Start of Input for this task

(* Let $A$ be an involutive alphabet, let $\Gamma$ be an involutive $A$-tree and let $u,v$ be nodes of $\Gamma$. Then $\Gamma$ with root $u$ is regular if and only if $\Gamma$ with root $v$ is regular.
   Context: An $A$-graph is a pair $(V,E)$ with $E\subseteq V\times A\times V$; it is involutive if $(u,a,v)\in E\iff(v,a^{-1},u)\in E$. A path is reduced if it contains no edge immediately followed by its inverse edge. A rooted involutive graph is a tree if every vertex is the end of a unique reduced path from the root. A multi-edge NFA (mNFA) is $\mathcal{A}=(Q,A,T,\alpha,\lambda,\omega)$ with finite state set $Q$, finite alphabet $A$, finite transition set $T$, and maps $\alpha,\omega\colon T\to Q$ (start, end) and $\lambda\colon T\to A$ (label); parallel transitions with equal label are allowed. A run is a sequence of transitions $\tau_1\cdots\tau_\ell$ with $\omega(\tau_i)=\alpha(\tau_{i+1})$. For a state $p$, $\Gamma(p)$ is the graph whose nodes are runs starting at $p$ (root: the empty run), with an edge $\varrho\to\varrho\tau$ labeled $\lambda(\tau)$, closed under adding inverse edges (passing to $A^{\pm1}$ if $A$ is not involutive); node $\varrho$ is labeled by the state where it ends. A rooted node-labeled involutive $A$-tree is regular if it is isomorphic (as a rooted node-labeled $A$-graph, i.e. via a root-preserving label-preserving graph isomorphism together with a bijection between the sets of node labels compatible with the labelings) to $\Gamma(p)$ for some state $p$ of an mNFA with alphabet $A$; a rooted involutive $A$-tree is regular if it is regular for some node labeling. *)

theory Defs
  imports Main
begin

definition involutive_alphabet :: "'a set \<Rightarrow> ('a \<Rightarrow> 'a) \<Rightarrow> bool" where
  "involutive_alphabet A iv \<longleftrightarrow> finite A \<and> (\<forall>a\<in>A. iv a \<in> A \<and> iv (iv a) = a)"

definition A_graph :: "'a set \<Rightarrow> 'v set \<Rightarrow> ('v \<times> 'a \<times> 'v) set \<Rightarrow> bool" where
  "A_graph A V E \<longleftrightarrow> E \<subseteq> V \<times> A \<times> V"

definition involutive_graph :: "('a \<Rightarrow> 'a) \<Rightarrow> ('v \<times> 'a \<times> 'v) set \<Rightarrow> bool" where
  "involutive_graph iv E \<longleftrightarrow> (\<forall>u a v. (u, a, v) \<in> E \<longleftrightarrow> (v, iv a, u) \<in> E)"

definition inv_edge :: "('a \<Rightarrow> 'a) \<Rightarrow> ('v \<times> 'a \<times> 'v) \<Rightarrow> ('v \<times> 'a \<times> 'v)" where
  "inv_edge iv e = (case e of (u, a, v) \<Rightarrow> (v, iv a, u))"

fun is_path :: "('v \<times> 'a \<times> 'v) set \<Rightarrow> 'v \<Rightarrow> ('v \<times> 'a \<times> 'v) list \<Rightarrow> 'v \<Rightarrow> bool" where
  "is_path E x [] y \<longleftrightarrow> x = y"
| "is_path E x (e # es) y \<longleftrightarrow> e \<in> E \<and> fst e = x \<and> is_path E (snd (snd e)) es y"

definition reduced_path :: "('a \<Rightarrow> 'a) \<Rightarrow> ('v \<times> 'a \<times> 'v) list \<Rightarrow> bool" where
  "reduced_path iv es \<longleftrightarrow> (\<forall>i. Suc i < length es \<longrightarrow> es ! Suc i \<noteq> inv_edge iv (es ! i))"

definition rooted_tree :: "('a \<Rightarrow> 'a) \<Rightarrow> 'v set \<Rightarrow> ('v \<times> 'a \<times> 'v) set \<Rightarrow> 'v \<Rightarrow> bool" where
  "rooted_tree iv V E r \<longleftrightarrow> r \<in> V \<and> (\<forall>v\<in>V. \<exists>!es. is_path E r es v \<and> reduced_path iv es)"

text \<open>States and transitions are taken to be finite sets of natural numbers (w.l.o.g.).\<close>
record 'a mnfa =
  states :: "nat set"
  trans :: "nat set"
  src_st :: "nat \<Rightarrow> nat"
  lab :: "nat \<Rightarrow> 'a"
  tgt_st :: "nat \<Rightarrow> nat"

definition mnfa_wf :: "'a set \<Rightarrow> 'a mnfa \<Rightarrow> bool" where
  "mnfa_wf A M \<longleftrightarrow> finite (states M) \<and> finite (trans M) \<and>
     (\<forall>t\<in>trans M. src_st M t \<in> states M \<and> tgt_st M t \<in> states M \<and> lab M t \<in> A)"

fun is_run :: "'a mnfa \<Rightarrow> nat \<Rightarrow> nat list \<Rightarrow> bool" where
  "is_run M p [] \<longleftrightarrow> True"
| "is_run M p (t # ts) \<longleftrightarrow> t \<in> trans M \<and> src_st M t = p \<and> is_run M (tgt_st M t) ts"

End of Input for this task

• Assignment
Keeping every character as it is, restate the lines above that run from the line with "imports Main" through the line with "a, v) \<Rightarrow>", both included, and nothing else.

• Exercise result
  imports Main
begin

definition involutive_alphabet :: "'a set \<Rightarrow> ('a \<Rightarrow> 'a) \<Rightarrow> bool" where
  "involutive_alphabet A iv \<longleftrightarrow> finite A \<and> (\<forall>a\<in>A. iv a \<in> A \<and> iv (iv a) = a)"

definition A_graph :: "'a set \<Rightarrow> 'v set \<Rightarrow> ('v \<times> 'a \<times> 'v) set \<Rightarrow> bool" where
  "A_graph A V E \<longleftrightarrow> E \<subseteq> V \<times> A \<times> V"

definition involutive_graph :: "('a \<Rightarrow> 'a) \<Rightarrow> ('v \<times> 'a \<times> 'v) set \<Rightarrow> bool" where
  "involutive_graph iv E \<longleftrightarrow> (\<forall>u a v. (u, a, v) \<in> E \<longleftrightarrow> (v, iv a, u) \<in> E)"

definition inv_edge :: "('a \<Rightarrow> 'a) \<Rightarrow> ('v \<times> 'a \<times> 'v) \<Rightarrow> ('v \<times> 'a \<times> 'v)" where
  "inv_edge iv e = (case e of (u, a, v) \<Rightarrow> (v, iv a, u))"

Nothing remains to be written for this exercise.